To do:
Write out every line exactly, from the first line of the records below through the line that contains "define l where".

Materials provided:
lemma in_vars_to_coords_list: "set ks \<subseteq> {1..n} \<Longrightarrow> in_vars n f \<Longrightarrow> in_vars n (to_coords_list nr ks f)"
proof (induction ks)
  case (Cons k ks)
  show ?case using in_vars_to_coords[OF _ Cons.IH] Cons.prems by simp
qed simp

lemma subst1_from_coords_other:
  assumes "j \<noteq> k" and w: "vanishing nr w"
  shows "subst1 nr k (from_coords j w) = from_coords j (subst1 nr k w)"
proof
  fix I :: "nat \<Rightarrow> nat"
  show "subst1 nr k (from_coords j w) I = from_coords j (subst1 nr k w) I"
  proof (cases "I k = 0")
    case True
    define l where "l c = (\<lambda>m. w (I(j := c, k := m)))" for c
    have l: "conv_to nr (l c) 0" for c unfolding l_def by (rule vanishing_conv_to_0_line[OF w])
    have "subst1 nr k (from_coords j w) I = series_sum nr (\<lambda>m. line_from_coords (\<lambda>c. l c m) (I j))"
      using True assms(1) unfolding subst1_def from_coords_def l_def by (simp add: fun_upd_twist)
    also have "\<dots> = line_from_coords (\<lambda>c. series_sum nr (l c)) (I j)"
      using series_sum_line_from_coords_family[OF l] .
    also have "\<dots> = from_coords j (subst1 nr k w) I"
      using True assms(1) unfolding subst1_def from_coords_def l_def by simp
    finally show ?thesis .
  next
    case False
    then have "subst1 nr k w (I(j := c)) = 0" for c using assms(1) by (simp add: subst1_def)
    then show ?thesis using False by (simp add: subst1_def from_coords_def line_from_coords_def)
  qed
qed

lemma subst1_from_coords_list_other:
  "k \<notin> set ks \<Longrightarrow> vanishing nr w \<Longrightarrow> subst1 nr k (from_coords_list ks w) = from_coords_list ks (subst1 nr k w)"
proof (induction ks arbitrary: w)
  case (Cons j ks)
  then show ?case
    using Cons.IH[OF _ vanishing_from_coords] subst1_from_coords_other[of j k w] by simp
qed simp
(* Let $n\ge 2$, $m\ge 1$, $k\in\{1,\dots,n-1\}$, $h\in\mathbb{R}$, $W\in\mathbb{R}^{m\times(n-1)}$, $w\in\mathbb{R}^m$, $b\in\mathbb{R}^m$, and let $\sigma:\mathbb{R}\to\mathbb{R}$ be differentiable, with $\underline{\sigma}(x)=(\sigma(x_1),\dots,\sigma(x_m))^T$ for $x\in\mathbb{R}^m$. For $y=(y_1,\dots,y_n)^T\in\mathbb{R}^n$ and $j\in\{1,\dots,n\}$ let $\hat{y}^j=(y_1,\dots,y_{j-1},y_{j+1},\dots,y_n)^T\in\mathbb{R}^{n-1}$, and let $\hat{W}^k=(W_{1k},\dots,W_{mk})^T\in\mathbb{R}^m$ be the $k$-th column of $W$. Define maps $\mathcal{V}_{k,Up}^h,\mathcal{V}_{k,Low}^h:\mathbb{R}^n\to\mathbb{R}^n$ as follows: $Y=\mathcal{V}_{k,Up}^h(y)$ is given by $$Y_k = y_k + h\,(\hat{W}^k)^T\,\mathrm{diag}(w)\,\underline{\sigma}(W\hat{y}^k+b),\qquad Y_i=y_i\ \ (i\neq k),$$ and $Y=\mathcal{V}_{k,Low}^h(y)$ is given by $$Y_{k+1} = y_{k+1} - h\,(\hat{W}^k)^T\,\mathrm{diag}(w)\,\underline{\sigma}(W\hat{y}^{k+1}+b),\qquad Y_i=y_i\ \ (i\neq k+1).$$ Then each of $\mathcal{V}_{k,Up}^h$ and $\mathcal{V}_{k,Low}^h$ is symplectic with respect to the variable pair $(y_k,y_{k+1})$, i.e. for every $y\in\mathbb{R}^n$ the $2\times 2$ Jacobian matrix $M=\frac{\partial (Y_k,Y_{k+1})}{\partial (y_k,y_{k+1})}(y)$ satisfies $M^T \begin{pmatrix}0&-1\\1&0\end{pmatrix} M=\begin{pmatrix}0&-1\\1&0\end{pmatrix}$, and each map is phase volume-preserving, i.e. $\det\left(\frac{\partial Y}{\partial y}(y)\right)=1$ for all $y\in\mathbb{R}^n$.
   Context: $\mathrm{diag}(w)$ denotes the $m\times m$ diagonal matrix with the entries of $w$ on its diagonal. These maps are the "locally-symplectic modules" (Up and Low modules for the variable pair $(y_k,y_{k+1})$). *)

theory Defs
  imports Complex_Main "Jordan_Normal_Form.Determinant"
begin

text \<open>Vectors/matrices are Jordan_Normal_Form vectors/matrices (0-based internally).
  Paper indices are 1-based: paper coordinate y_j is  y $ (j - 1).\<close>

definition diagv :: "real vec \<Rightarrow> real mat" where
  "diagv w = mat (dim_vec w) (dim_vec w) (\<lambda>(i,j). if i = j then w $ i else 0)"

text \<open>hat y j: remove the j-th (1-based) coordinate.\<close>
definition hatv :: "real vec \<Rightarrow> nat \<Rightarrow> real vec" where
  "hatv y j = vec (dim_vec y - 1) (\<lambda>i. if i < j - 1 then y $ i else y $ (i + 1))"

definition sigvec :: "(real \<Rightarrow> real) \<Rightarrow> real vec \<Rightarrow> real vec" where
  "sigvec \<sigma> x = map_vec \<sigma> x"

definition layer_term ::
  "real mat \<Rightarrow> real vec \<Rightarrow> real vec \<Rightarrow> (real \<Rightarrow> real) \<Rightarrow> nat \<Rightarrow> nat \<Rightarrow> real vec \<Rightarrow> real" where
  "layer_term W w b \<sigma> k j y = col W (k - 1) \<bullet> (diagv w *\<^sub>v sigvec \<sigma> (W *\<^sub>v hatv y j + b))"

definition V_up ::
  "real \<Rightarrow> real mat \<Rightarrow> real vec \<Rightarrow> real vec \<Rightarrow> (real \<Rightarrow> real) \<Rightarrow> nat \<Rightarrow> real vec \<Rightarrow> real vec" where
  "V_up h W w b \<sigma> k y = vec (dim_vec y)
     (\<lambda>i. if i = k - 1 then y $ i + h * layer_term W w b \<sigma> k k y else y $ i)"

definition V_low ::
  "real \<Rightarrow> real mat \<Rightarrow> real vec \<Rightarrow> real vec \<Rightarrow> (real \<Rightarrow> real) \<Rightarrow> nat \<Rightarrow> real vec \<Rightarrow> real vec" where
  "V_low h W w b \<sigma> k y = vec (dim_vec y)
     (\<lambda>i. if i = k then y $ i - h * layer_term W w b \<sigma> k (k + 1) y else y $ i)"

definition updv :: "real vec \<Rightarrow> nat \<Rightarrow> real \<Rightarrow> real vec" where
  "updv y j t = vec (dim_vec y) (\<lambda>i. if i = j then t else y $ i)"

definition pderiv_at :: "(real vec \<Rightarrow> real vec) \<Rightarrow> real vec \<Rightarrow> nat \<Rightarrow> nat \<Rightarrow> real" where
  "pderiv_at F y i j = (THE D. ((\<lambda>t. F (updv y j t) $ i) has_real_derivative D) (at (y $ j)))"

definition partials_exist :: "(real vec \<Rightarrow> real vec) \<Rightarrow> nat \<Rightarrow> real vec \<Rightarrow> bool" where
  "partials_exist F n y \<longleftrightarrow>
     (\<forall>i<n. \<forall>j<n. (\<lambda>t. F (updv y j t) $ i) differentiable (at (y $ j)))"

definition jacobian :: "(real vec \<Rightarrow> real vec) \<Rightarrow> nat \<Rightarrow> real vec \<Rightarrow> real mat" where
  "jacobian F n y = mat n n (\<lambda>(i,j). pderiv_at F y i j)"

definition jac_pair :: "(real vec \<Rightarrow> real vec) \<Rightarrow> nat \<Rightarrow> real vec \<Rightarrow> real mat" where
  "jac_pair F k y = mat 2 2 (\<lambda>(i,j). pderiv_at F y (k - 1 + i) (k - 1 + j))"

definition Jsymp :: "real mat" where
  "Jsymp = mat_of_rows_list 2 [[0, -1], [1, 0]]"

definition symplectic_pair :: "(real vec \<Rightarrow> real vec) \<Rightarrow> nat \<Rightarrow> real vec \<Rightarrow> bool" where
  "symplectic_pair F k y \<longleftrightarrow> transpose_mat (jac_pair F k y) * Jsymp * jac_pair F k y = Jsymp"

end

theory Submission
  imports Defs
begin

text \<open>Both maps are shears \<open>y \<mapsto> y + G(y) e\<^sub>r\<close> in which \<open>G\<close> does not depend on \<open>y\<^sub>r\<close>
  (for \<open>V_up\<close>, \<open>r = k\<close> and \<open>G\<close> only sees \<open>hat y\<^sup>k\<close>; for \<open>V_low\<close>, \<open>r = k + 1\<close>
  and \<open>G\<close> only sees \<open>hat y\<^sup>k\<^sup>+\<^sup>1\<close>).
  Hence the Jacobian is the identity except in row \<open>r\<close>, whose diagonal entry is still 1:
  its determinant is 1, and every principal \<open>2 \<times> 2\<close> block is unitriangular, so it has
  determinant 1 too. For \<open>2 \<times> 2\<close> matrices \<open>M\<^sup>T J M = (det M) J\<close>, so these blocks are symplectic.\<close>

lemma det_2x2:
  fixes A :: "'a :: comm_ring_1 mat"
  assumes "A \<in> carrier_mat 2 2"
  shows "det A = A $$ (0,0) * A $$ (1,1) - A $$ (0,1) * A $$ (1,0)"
proof -
  have "det A = (\<Sum>i<2. A $$ (i,0) * cofactor A i 0)"
    using assms by (rule laplace_expansion_column) simp
  also have "\<dots> = A $$ (0,0) * A $$ (1,1) - A $$ (0,1) * A $$ (1,0)"
    using assms by (simp add: numeral_2_eq_2 cofactor_def det_single mat_delete_def)
  finally show ?thesis .
qed

lemma det_identity_except_row:
  fixes A :: "'a :: comm_ring_1 mat"
  assumes A: "A \<in> carrier_mat n n" and r: "r < n"
    and rows: "\<And>i j. i < n \<Longrightarrow> j < n \<Longrightarrow> i \<noteq> r \<Longrightarrow> A $$ (i,j) = (if i = j then 1 else 0)"
  shows "det A = A $$ (r,r)"
proof -
  have "det A = (\<Sum>i<n. A $$ (i,r) * cofactor A i r)"
    using A r by (rule laplace_expansion_column)
  also have "\<dots> = A $$ (r,r) * cofactor A r r"
    using r rows by (subst sum.remove[of _ r]) (auto intro: sum.neutral)
  also have "mat_delete A r r = 1\<^sub>m (n - 1)"
    using A r by (auto simp: mat_delete_def rows)
  then have "cofactor A r r = 1"
    by (simp add: cofactor_def)
  finally show ?thesis by simp
qed

lemma transpose_mult_Jsymp_mult:
  fixes M :: "real mat"
  assumes "M \<in> carrier_mat 2 2"
  shows "transpose_mat M * Jsymp * M = det M \<cdot>\<^sub>m Jsymp"
proof -
  have J: "Jsymp \<in> carrier_mat 2 2" "Jsymp $$ (0,0) = 0" "Jsymp $$ (0,1) = -1"
    "Jsymp $$ (1,0) = 1" "Jsymp $$ (1,1) = 0"
    by (auto simp: Jsymp_def mat_of_rows_list_def)
  have sum_2: "(\<Sum>i\<in>{0..<2}. f i) = f 0 + f 1" for f :: "nat \<Rightarrow> real"
    by (simp add: numeral_2_eq_2)
  show ?thesis
    using assms J
    by (intro eq_matI) (auto simp: det_2x2 less_2_cases_iff scalar_prod_def sum_2 algebra_simps)
qed

lemma symplectic_pair_iff_det_jac_pair:
  "symplectic_pair F k y \<longleftrightarrow> det (jac_pair F k y) = 1"
proof -
  have "jac_pair F k y \<in> carrier_mat 2 2"
    by (simp add: jac_pair_def)
  moreover have "c \<cdot>\<^sub>m Jsymp = Jsymp \<longleftrightarrow> c = 1" for c :: real
    by (auto simp: Jsymp_def mat_of_rows_list_def dest!: arg_cong[where f = "\<lambda>A. A $$ (1,0)"])
  ultimately show ?thesis
    by (simp add: symplectic_pair_def transpose_mult_Jsymp_mult)
qed

lemma pderiv_at_eqI:
  "((\<lambda>t. F (updv y j t) $ i) has_real_derivative D) (at (y $ j)) \<Longrightarrow> pderiv_at F y i j = D"
  unfolding pderiv_at_def by (blast intro: the_equality DERIV_unique)

lemma differentiable_If_const:
  "(c \<Longrightarrow> f differentiable F) \<Longrightarrow> (\<not> c \<Longrightarrow> g differentiable F) \<Longrightarrow>
    (\<lambda>t. if c then f t else g t) differentiable F"
  by (cases c) auto

definition shear_map :: "nat \<Rightarrow> (real vec \<Rightarrow> real) \<Rightarrow> real vec \<Rightarrow> real vec" where
  "shear_map r G y = vec (dim_vec y) (\<lambda>i. if i = r then y $ i + G y else y $ i)"

lemma shear_map_updv_nth:
  "i < dim_vec y \<Longrightarrow> shear_map r G (updv y j t) $ i =
     (if i = j then t else y $ i) + (if i = r then G (updv y j t) else 0)"
  by (simp add: shear_map_def updv_def)

lemma partials_exist_shear_map:
  assumes "y \<in> carrier_vec n"
    and "\<And>j. j < n \<Longrightarrow> (\<lambda>t. G (updv y j t)) differentiable (at (y $ j))"
  shows "partials_exist (shear_map r G) n y"
  unfolding partials_exist_def
proof (intro allI impI)
  fix i j assume "i < n" "j < n"
  then show "(\<lambda>t. shear_map r G (updv y j t) $ i) differentiable (at (y $ j))"
    using assms by (auto simp: shear_map_updv_nth intro!: differentiable_add differentiable_If_const)
qed

lemma pderiv_at_shear_map:
  assumes "y \<in> carrier_vec n" "i < n" "j < n" "i \<noteq> r \<or> j = r"
    and "\<And>t. G (updv y r t) = G y"
  shows "pderiv_at (shear_map r G) y i j = (if i = j then 1 else 0)"
proof (rule pderiv_at_eqI)
  have "shear_map r G (updv y j t) $ i =
      (if i = j then t else y $ i) + (if i = r then G y else 0)" for t
    using assms by (auto simp: shear_map_updv_nth)
  then show "((\<lambda>t. shear_map r G (updv y j t) $ i) has_real_derivative (if i = j then 1 else 0))
      (at (y $ j))"
    by (simp only:) (auto intro!: derivative_eq_intros)
qed

lemma det_jacobian_shear_map:
  assumes "y \<in> carrier_vec n" "r < n" "\<And>t. G (updv y r t) = G y"
  shows "det (jacobian (shear_map r G) n y) = 1"
  using assms
  by (subst det_identity_except_row[where r = r]) (auto simp: jacobian_def pderiv_at_shear_map)

lemma symplectic_pair_shear_map:
  assumes "y \<in> carrier_vec n" "1 \<le> k" "k < n" "\<And>t. G (updv y r t) = G y"
  shows "symplectic_pair (shear_map r G) k y"
proof -
  obtain l where k: "k = Suc l"
    using assms(2) by (cases k) auto
  let ?p = "pderiv_at (shear_map r G) y"
  have diag: "?p l l = 1" "?p (Suc l) (Suc l) = 1"
    using assms k by (auto simp: pderiv_at_shear_map)
  have "?p l (Suc l) = 0 \<or> ?p (Suc l) l = 0"
    using assms k by (cases "r = l") (auto simp: pderiv_at_shear_map)
  then show ?thesis
    by (auto simp: symplectic_pair_iff_det_jac_pair det_2x2 jac_pair_def k diag)
qed

lemma shear_map_symplectic_volume_preserving:
  assumes "y \<in> carrier_vec n" "1 \<le> k" "k < n" "r < n"
    and "\<And>t. G (updv y r t) = G y"
    and "\<And>j. j < n \<Longrightarrow> (\<lambda>t. G (updv y j t)) differentiable (at (y $ j))"
  shows "partials_exist (shear_map r G) n y \<and> symplectic_pair (shear_map r G) k y
    \<and> det (jacobian (shear_map r G) n y) = 1"
  using assms
  by (simp add: partials_exist_shear_map symplectic_pair_shear_map det_jacobian_shear_map)

lemma hatv_updv_removed: "1 \<le> j \<Longrightarrow> hatv (updv y (j - 1) t) j = hatv y j"
  by (rule eq_vecI) (auto simp: hatv_def updv_def)

lemma layer_term_updv_removed:
  "1 \<le> j \<Longrightarrow> layer_term W w b \<sigma> k j (updv y (j - 1) t) = layer_term W w b \<sigma> k j y"
  by (simp only: layer_term_def hatv_updv_removed)

lemma layer_term_updv_differentiable:
  assumes "W \<in> carrier_mat m l" "b \<in> carrier_vec m"
    and "\<And>x. \<sigma> differentiable (at x)"
  shows "(\<lambda>t. layer_term W w b \<sigma> k j (updv y i t)) differentiable (at x)"
  using assms(1,2)
  by (auto simp: layer_term_def scalar_prod_def diagv_def sigvec_def hatv_def updv_def
      intro!: differentiable_sum differentiable_mult differentiable_compose[OF assms(3)]
        differentiable_add differentiable_If_const)

lemma V_up_eq_shear_map:
  "V_up h W w b \<sigma> k = shear_map (k - 1) (\<lambda>y. h * layer_term W w b \<sigma> k k y)"
  by (simp add: fun_eq_iff V_up_def shear_map_def)

lemma V_low_eq_shear_map:
  "V_low h W w b \<sigma> k = shear_map k (\<lambda>y. - h * layer_term W w b \<sigma> k (k + 1) y)"
  by (rule ext) (simp add: V_low_def shear_map_def cong: if_cong)

lemma V_up_symplectic_volume_preserving:
  assumes "1 \<le> k" "k < n" "W \<in> carrier_mat m l" "b \<in> carrier_vec m"
    and "\<And>x. \<sigma> differentiable (at x)" and y: "y \<in> carrier_vec n"
  shows "partials_exist (V_up h W w b \<sigma> k) n y \<and> symplectic_pair (V_up h W w b \<sigma> k) k y
    \<and> det (jacobian (V_up h W w b \<sigma> k) n y) = 1"
  unfolding V_up_eq_shear_map
  using assms(1,2) layer_term_updv_removed[OF assms(1)]
  by (intro shear_map_symplectic_volume_preserving[OF y] differentiable_mult differentiable_const
      layer_term_updv_differentiable[OF assms(3-5)]) simp_all

lemma V_low_symplectic_volume_preserving:
  assumes "1 \<le> k" "k < n" "W \<in> carrier_mat m l" "b \<in> carrier_vec m"
    and "\<And>x. \<sigma> differentiable (at x)" and y: "y \<in> carrier_vec n"
  shows "partials_exist (V_low h W w b \<sigma> k) n y \<and> symplectic_pair (V_low h W w b \<sigma> k) k y
    \<and> det (jacobian (V_low h W w b \<sigma> k) n y) = 1"
  unfolding V_low_eq_shear_map
  using assms(1,2) layer_term_updv_removed[of "k + 1"]
  by (intro shear_map_symplectic_volume_preserving[OF y] differentiable_mult differentiable_const
      layer_term_updv_differentiable[OF assms(3-5)]) simp_all

theorem mainTheorem1:
  fixes n m k :: nat and h :: real and W :: "real mat" and w b :: "real vec"
    and \<sigma> :: "real \<Rightarrow> real"
  assumes "n \<ge> 2" and "m \<ge> 1" and "1 \<le> k" and "k \<le> n - 1"
    and "W \<in> carrier_mat m (n - 1)" and "w \<in> carrier_vec m" and "b \<in> carrier_vec m"
    and "\<And>x. \<sigma> differentiable (at x)"
  shows "\<forall>y \<in> carrier_vec n.
           partials_exist (V_up h W w b \<sigma> k) n y
         \<and> symplectic_pair (V_up h W w b \<sigma> k) k y
         \<and> det (jacobian (V_up h W w b \<sigma> k) n y) = 1
         \<and> partials_exist (V_low h W w b \<sigma> k) n y
         \<and> symplectic_pair (V_low h W w b \<sigma> k) k y
         \<and> det (jacobian (V_low h W w b \<sigma> k) n y) = 1"
proof -
  have "k < n"
    using assms(3,4) by simp
  then show ?thesis
    using V_up_symplectic_volume_preserving[OF assms(3) _ assms(5,7,8)]
      V_low_symplectic_volume_preserving[OF assms(3) _ assms(5,7,8)]
    by blast
qed

end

Response area:
lemma in_vars_to_coords_list: "set ks \<subseteq> {1..n} \<Longrightarrow> in_vars n f \<Longrightarrow> in_vars n (to_coords_list nr ks f)"
proof (induction ks)
  case (Cons k ks)
  show ?case using in_vars_to_coords[OF _ Cons.IH] Cons.prems by simp
qed simp

lemma subst1_from_coords_other:
  assumes "j \<noteq> k" and w: "vanishing nr w"
  shows "subst1 nr k (from_coords j w) = from_coords j (subst1 nr k w)"
proof
  fix I :: "nat \<Rightarrow> nat"
  show "subst1 nr k (from_coords j w) I = from_coords j (subst1 nr k w) I"
  proof (cases "I k = 0")
    case True
    define l where "l c = (\<lambda>m. w (I(j := c, k := m)))" for c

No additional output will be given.